Background: Heart failure with preserved ejection fraction (HFpEF) is often manifested as impaired cardiovascular reserve. We sought to determine if conducted vasodilation, which coordinates microvascular resistance longitudinally to match tissue metabolic demand, becomes compromised in HFpEF. We hypothesized that the metabolic vasodilator adenosine facilitates and that inhibition of ADK (adenosine kinase) augments conducted vasodilation for a more efficient myocardial perfusion and improved left ventricle (LV) diastolic function in HFpEF. Methods and Results: We assessed conducted vasodilation in obese ZSF1 rats that develop LV diastolic dysfunction and is used to model human HFpEF. Additionally, conducted vasodilation was measured in arterioles isolated from the right atrial appendages of patients with HFpEF. We found a markedly reduced conducted vasodilation both in obese ZSF1 rats and in patients with HFpEF. Impaired conducted vasodilation was accompanied by increased vascular ADK expression.

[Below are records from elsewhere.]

(* Let $K$ be a simplicial complex on $[m]$ which has a minimal Taylor resolution, and let $\Bbbk$ be a commutative ring. If $\Bbbk[K]$ is Golod, then any two distinct minimal non-faces of $K$ are not disjoint.
   Context: A minimal non-face of $K$ is a non-empty $N\subset[m]$ with $N\notin K$ and $N-\{i\}\in K$ for all $i\in N$. $\Bbbk[K]=\Bbbk[v_1,\ldots,v_m]/(v_I\mid I\notin K)$, $|v_i|=2$; it is Golod if all products and (higher) Massey products in the positive-degree part of $\mathrm{Tor}_{\Bbbk[v_1,\ldots,v_m]}(\Bbbk[K],\Bbbk)$ (induced from the Koszul resolution) are trivial. With $N_1,\ldots,N_r$ the minimal non-faces, $K$ has a minimal Taylor resolution if the Taylor resolution of $\Bbbk[K]$ (free on $w_{i_1,\ldots,i_\ell}$, $d(w_{i_1,\ldots,i_\ell})=\sum_k(-1)^{k+1}v_{(N_{i_1}\cup\cdots\cup N_{i_\ell})-(N_{i_1}\cup\cdots\widehat{N_{i_k}}\cdots\cup N_{i_\ell})}w_{i_1,\ldots,\widehat{i_k},\ldots,i_\ell}$, $v_\emptyset=1$) satisfies $d\otimes\Bbbk=0$; equivalently $N_i\not\subset\bigcup_{k\ne i}N_k$ for all $i$. *)

theory Defs
  imports Main
begin

definition simplicial_complex :: "nat \<Rightarrow> nat set set \<Rightarrow> bool" where
  "simplicial_complex m K \<longleftrightarrow>
     {} \<in> K \<and> (\<forall>\<sigma>\<in>K. \<sigma> \<subseteq> {1..m}) \<and> (\<forall>\<sigma>\<in>K. \<forall>\<tau>. \<tau> \<subseteq> \<sigma> \<longrightarrow> \<tau> \<in> K)"
lemma run_obtain_trace:
  assumes "run M cf w cf'"
  obtains f where "trace M f w" "f 0 = cf" "f (length w) = cf'"
  using assms
proof (induction w arbitrary: cf thesis)
  case Nil
  show ?case using Nil.prems(1)[of "\<lambda>_. cf"] Nil.prems(2) by (simp add: trace_def)
next
  case (Cons x w)
  then obtain cf'' where "step M cf x cf''" "run M cf'' w cf'" by auto
  moreover obtain g where "trace M g w" "g 0 = cf''" "g (length w) = cf'"
    using Cons.IH \<open>run M cf'' w cf'\<close> by blast
  moreover have "trace M (case_nat cf g) (x # w)"
    unfolding trace_def
  proof (intro allI impI)
    fix j assume "j < length (x # w)"
    then show "step M (case_nat cf g j) ((x # w) ! j) (case_nat cf g (Suc j))"
      using \<open>step M cf x cf''\<close> \<open>g 0 = cf''\<close> \<open>trace M g w\<close>
      by (cases j) (simp_all add: trace_def)
  qed
  ultimately show ?case using Cons.prems(1) by simp
qed

lemma lang_obtain_trace:
  assumes "w \<in> lang M"
  obtains f where "trace M f w" "f 0 = (init M, \<lambda>_. {})" "fst (f (length w)) \<in> final M"
proof -
  obtain cf where "run M (init M, \<lambda>_. {}) w cf" "fst cf \<in> final M"
    using assms by (auto simp: lang_def)
  then show thesis
    using run_obtain_trace that by metis
qed

lemma trace_take: "trace M f w \<Longrightarrow> trace M f (take p w)"
  by (simp add: trace_def)

lemma trace_drop: "trace M f w \<Longrightarrow> trace M (\<lambda>j. f (p + j)) (drop p w)"
  by (simp add: trace_def)

lemma trace_sets_mono:
  assumes "trace M f w" "i \<le> j" "j \<le> length w"
  shows "snd (f i) h \<subseteq> snd (f j) h"
  using assms(2,3)
proof (induction j rule: dec_induct)
  case (step n)
  then have "step M (f n) (w ! n) (f (Suc n))"
    using assms(1) by (simp add: trace_def)
  then have "snd (f n) h \<subseteq> snd (f (Suc n)) h"
    by (rule step_sets_between(1))
  with step show ?case by auto
qed simp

Isolated rat and human arterioles incubated with adenosine (10 nmol/L) or ADK inhibitor ABT-702 (0.1 µmol/L) both displayed augmented conducted vasodilation. Treatment of obese ZSF1 rats with ABT-702 (1.5 mg/kg, IP for 8 weeks) prevented LV diastolic dysfunction, and in a crossover design augmented conducted vasodilation and improved LV diastolic function. ABT-702 treated obese ZSF1 rats exhibited reduced expression of myocardial carbonic anhydrase 9 and collagen, surrogate markers of myocardial hypoxia. Conclusions: Upregulation of vascular ADK mitigates adenosine-facilitated conducted vasodilation in obese ZSF1 rats and in patients with HFpEF. We propose that pharmacological inhibition of ADK could be beneficial for therapeutic augmentation of conducted vasodilation, thereby improving tissue perfusion and LV diastolic function in HFpEF.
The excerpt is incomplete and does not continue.